Senior economics analyst at QMS, Iain McDonald, said that the change in ownership should help a recovery in pig slaughter towards the levels seen in 2020, and will come with wider benefit to the Scottish economy given.
“The pig carcases will be converted into cuts of pork and other pigmeat products at processing sites in Scotland,” said Mr McDonals. “As a result, economic value will be added, and employment supported, in Scotland rather than at production sites south of the border,”
The latest market commentary from QMS indicated that although the pace of price declines for pig producers has eased from the autumn peak, pig sector data continues to highlight severe challenges for Scotland’s producers and processors.
Mr McDonald said that downwards pressure on the pig market has come from an inability of the processing sector to expand output to handle an increased supply of finished pigs, largely due to the lack of ‘suitably skilled’ workers after the UK’s departure from the EU making it difficult to recruit from overseas.

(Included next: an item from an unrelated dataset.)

(* Let $k\ge 2$, $\ell\ge1$, $m\ge1$ be integers with $m\cdot2^{-k\ell}<\frac12$, and let $\mathcal X=\{\Phi_i:0\le i<2^m\}$ be the set of hard CNF formulas described in the context. For all $0\le i,j<2^m$, $$d_{\mathrm{TV}}(\mu_i,\mu_j)\ge d_b(i,j)\cdot2^{-k\ell-2}.$$
   Context: Gadgets: on variables $U=\{v_{i,j}:i\in[\ell],j\in[k]\}$, for each $i\in\{1,\dots,\ell-1\}$, $j\in[k]$, let $c_{ij}$ be the clause on $\{v_{i,r}:r\ne j\}\cup\{v_{i+1,j}\}$ forbidding the all-True assignment if $i$ is odd and the all-False assignment if $i$ is even; let $\mathcal C$ be the set of these clauses and $c$ the clause on $\{v_{1,j}:j\in[k]\}$ forbidding all-True. The unrestricted depth-$\ell$ gadget is $(U,\mathcal C)$, the restricted one is $(U,\mathcal C\cup\{c\})$. Hard formulas: let $V$ have $mk\ell$ variables partitioned into $U_1,\dots,U_m$ each of size $k\ell$. For $0\le i<2^m$, write $i$ in binary with $m$ bits $i_1,\dots,i_m$; $\Phi_i=(V,\mathcal C_i)$ places on each $U_j$ the unrestricted depth-$\ell$ gadget if $i_j=0$ and the restricted depth-$\ell$ gadget if $i_j=1$. $\mu_i$ is the uniform distribution over satisfying assignments of $\Phi_i$, $d_{\mathrm{TV}}$ is total variation distance, and $d_b(i,j)$ is the number of positions where the $m$-bit binary representations of $i$ and $j$ differ. *)

theory Defs
  imports "HOL-Probability.Probability"
begin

He noted one positive for producers being the rise in carcase weights offsetting lower per kilo prices, resulting in higher average prices per carcase, with the price per carcase 5% higher than last year and 4% above its five-year average in the final week of January.
He said, however, that this is before factoring in the cost of production: “Back in the late summer and early autumn, grain and soya futures prices had fallen back from the highs of early 2021 and Defra’s compound feed report for the July to September period had suggested that, while still 13% higher than a year before, the cost of pig feed had eased slightly on the quarter.”
Since then, a deterioration in the expected global balance of supply and demand for grain has seen prices for wheat and barley surge by around 15% and 25% respectively.
Elsewhere, a dry summer in Argentina and Brazil caused a tightening of global soyabean supply, pushing up the price of soyameal by around 15% since the autumn.
As a result, the higher prices for raw materials will have been passing into the price of compound feeds over the winter, likely raising them beyond the levels last reported by Defra from Q3 2021.